** Data provided follows **
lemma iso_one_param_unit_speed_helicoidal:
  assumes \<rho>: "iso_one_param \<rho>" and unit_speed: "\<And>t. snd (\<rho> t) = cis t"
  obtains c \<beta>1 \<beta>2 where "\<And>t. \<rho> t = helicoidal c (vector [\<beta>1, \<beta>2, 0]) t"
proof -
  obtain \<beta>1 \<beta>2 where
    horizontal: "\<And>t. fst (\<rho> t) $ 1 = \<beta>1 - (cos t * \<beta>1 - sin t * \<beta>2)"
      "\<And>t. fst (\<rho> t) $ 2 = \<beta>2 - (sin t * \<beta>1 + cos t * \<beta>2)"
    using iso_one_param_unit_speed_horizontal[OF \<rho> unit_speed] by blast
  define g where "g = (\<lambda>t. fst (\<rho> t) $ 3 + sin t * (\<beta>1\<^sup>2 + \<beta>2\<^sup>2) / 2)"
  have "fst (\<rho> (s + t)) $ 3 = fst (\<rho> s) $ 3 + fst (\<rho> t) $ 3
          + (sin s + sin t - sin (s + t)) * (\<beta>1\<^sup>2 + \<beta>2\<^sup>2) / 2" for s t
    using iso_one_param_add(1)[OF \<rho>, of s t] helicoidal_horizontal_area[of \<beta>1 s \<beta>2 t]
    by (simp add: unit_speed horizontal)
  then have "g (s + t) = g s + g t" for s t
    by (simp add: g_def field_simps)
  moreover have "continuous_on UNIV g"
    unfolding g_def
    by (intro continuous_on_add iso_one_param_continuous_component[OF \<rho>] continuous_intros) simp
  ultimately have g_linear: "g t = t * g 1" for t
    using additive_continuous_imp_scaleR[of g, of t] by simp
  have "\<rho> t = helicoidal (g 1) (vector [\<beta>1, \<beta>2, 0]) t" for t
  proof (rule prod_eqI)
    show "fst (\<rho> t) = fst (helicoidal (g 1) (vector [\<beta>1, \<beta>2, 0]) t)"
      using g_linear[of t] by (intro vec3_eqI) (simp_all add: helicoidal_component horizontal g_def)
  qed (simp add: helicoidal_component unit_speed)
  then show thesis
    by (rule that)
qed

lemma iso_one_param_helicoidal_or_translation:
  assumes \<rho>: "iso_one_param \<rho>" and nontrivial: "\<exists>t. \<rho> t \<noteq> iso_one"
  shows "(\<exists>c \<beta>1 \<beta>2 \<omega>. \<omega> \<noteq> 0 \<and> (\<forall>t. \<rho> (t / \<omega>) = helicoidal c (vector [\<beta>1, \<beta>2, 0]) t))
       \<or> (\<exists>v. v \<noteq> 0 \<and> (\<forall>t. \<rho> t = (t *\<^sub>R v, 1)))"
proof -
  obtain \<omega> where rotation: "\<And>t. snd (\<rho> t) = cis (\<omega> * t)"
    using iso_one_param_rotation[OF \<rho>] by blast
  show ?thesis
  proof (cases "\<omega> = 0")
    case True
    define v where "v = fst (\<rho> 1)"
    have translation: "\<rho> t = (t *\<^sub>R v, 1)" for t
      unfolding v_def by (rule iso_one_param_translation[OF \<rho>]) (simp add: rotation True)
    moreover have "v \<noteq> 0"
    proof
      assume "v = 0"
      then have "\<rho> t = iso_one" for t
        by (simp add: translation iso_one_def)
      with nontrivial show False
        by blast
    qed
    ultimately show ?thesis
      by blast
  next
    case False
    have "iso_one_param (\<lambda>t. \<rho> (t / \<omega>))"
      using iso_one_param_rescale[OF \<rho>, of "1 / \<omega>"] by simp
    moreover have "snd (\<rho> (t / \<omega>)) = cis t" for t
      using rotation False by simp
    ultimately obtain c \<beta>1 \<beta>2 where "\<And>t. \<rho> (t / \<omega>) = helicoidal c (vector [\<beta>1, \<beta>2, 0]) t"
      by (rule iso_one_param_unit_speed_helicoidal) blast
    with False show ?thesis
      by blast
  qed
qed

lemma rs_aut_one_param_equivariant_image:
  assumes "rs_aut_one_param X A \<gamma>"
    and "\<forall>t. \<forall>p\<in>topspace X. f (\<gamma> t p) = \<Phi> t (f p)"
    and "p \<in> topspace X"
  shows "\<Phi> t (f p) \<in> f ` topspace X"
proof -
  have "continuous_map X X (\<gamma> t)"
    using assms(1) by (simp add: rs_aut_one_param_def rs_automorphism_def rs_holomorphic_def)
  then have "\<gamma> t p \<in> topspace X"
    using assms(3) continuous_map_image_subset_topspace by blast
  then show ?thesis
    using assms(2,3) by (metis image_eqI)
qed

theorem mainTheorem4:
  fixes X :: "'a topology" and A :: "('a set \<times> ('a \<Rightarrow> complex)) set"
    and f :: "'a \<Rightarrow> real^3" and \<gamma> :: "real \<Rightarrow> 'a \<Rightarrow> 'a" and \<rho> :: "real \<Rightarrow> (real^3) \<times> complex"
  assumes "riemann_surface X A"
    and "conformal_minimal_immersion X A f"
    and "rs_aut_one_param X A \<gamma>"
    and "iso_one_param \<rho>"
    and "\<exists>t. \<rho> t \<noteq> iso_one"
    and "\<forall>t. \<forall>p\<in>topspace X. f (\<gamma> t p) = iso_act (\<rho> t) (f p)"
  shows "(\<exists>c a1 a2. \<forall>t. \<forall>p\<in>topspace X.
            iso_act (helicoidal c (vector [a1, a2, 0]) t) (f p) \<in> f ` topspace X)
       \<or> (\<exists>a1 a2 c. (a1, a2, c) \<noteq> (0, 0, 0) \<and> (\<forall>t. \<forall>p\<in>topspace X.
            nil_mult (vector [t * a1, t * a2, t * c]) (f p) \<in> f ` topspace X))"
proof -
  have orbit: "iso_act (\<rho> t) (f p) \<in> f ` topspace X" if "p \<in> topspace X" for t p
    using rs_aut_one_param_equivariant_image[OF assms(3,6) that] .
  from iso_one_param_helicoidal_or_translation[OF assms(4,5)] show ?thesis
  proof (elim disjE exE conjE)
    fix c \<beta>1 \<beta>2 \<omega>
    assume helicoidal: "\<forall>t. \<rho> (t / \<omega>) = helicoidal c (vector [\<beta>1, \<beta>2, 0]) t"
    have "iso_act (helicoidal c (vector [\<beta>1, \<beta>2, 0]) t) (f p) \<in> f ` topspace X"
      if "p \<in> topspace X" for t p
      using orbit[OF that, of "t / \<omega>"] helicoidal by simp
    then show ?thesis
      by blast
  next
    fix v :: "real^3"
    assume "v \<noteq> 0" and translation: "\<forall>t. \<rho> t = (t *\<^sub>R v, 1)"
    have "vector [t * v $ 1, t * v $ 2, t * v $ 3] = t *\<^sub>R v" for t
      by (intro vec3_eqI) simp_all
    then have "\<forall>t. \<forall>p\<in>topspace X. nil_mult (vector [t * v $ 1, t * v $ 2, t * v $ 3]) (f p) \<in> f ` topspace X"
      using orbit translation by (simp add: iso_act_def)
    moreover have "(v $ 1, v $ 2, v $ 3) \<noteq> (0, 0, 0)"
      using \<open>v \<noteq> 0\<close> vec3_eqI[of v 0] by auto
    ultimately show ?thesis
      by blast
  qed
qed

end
** End of Data provided **
_Problem statement_. Every line above that includes the string "lambda" needs to be copied.

_Answer space_.
  define g where "g = (\<lambda>t. fst (\<rho> t) $ 3 + sin t * (\<beta>1\<^sup>2 + \<beta>2\<^sup>2) / 2)"
    have "iso_one_param (\<lambda>t. \<rho> (t / \<omega>))"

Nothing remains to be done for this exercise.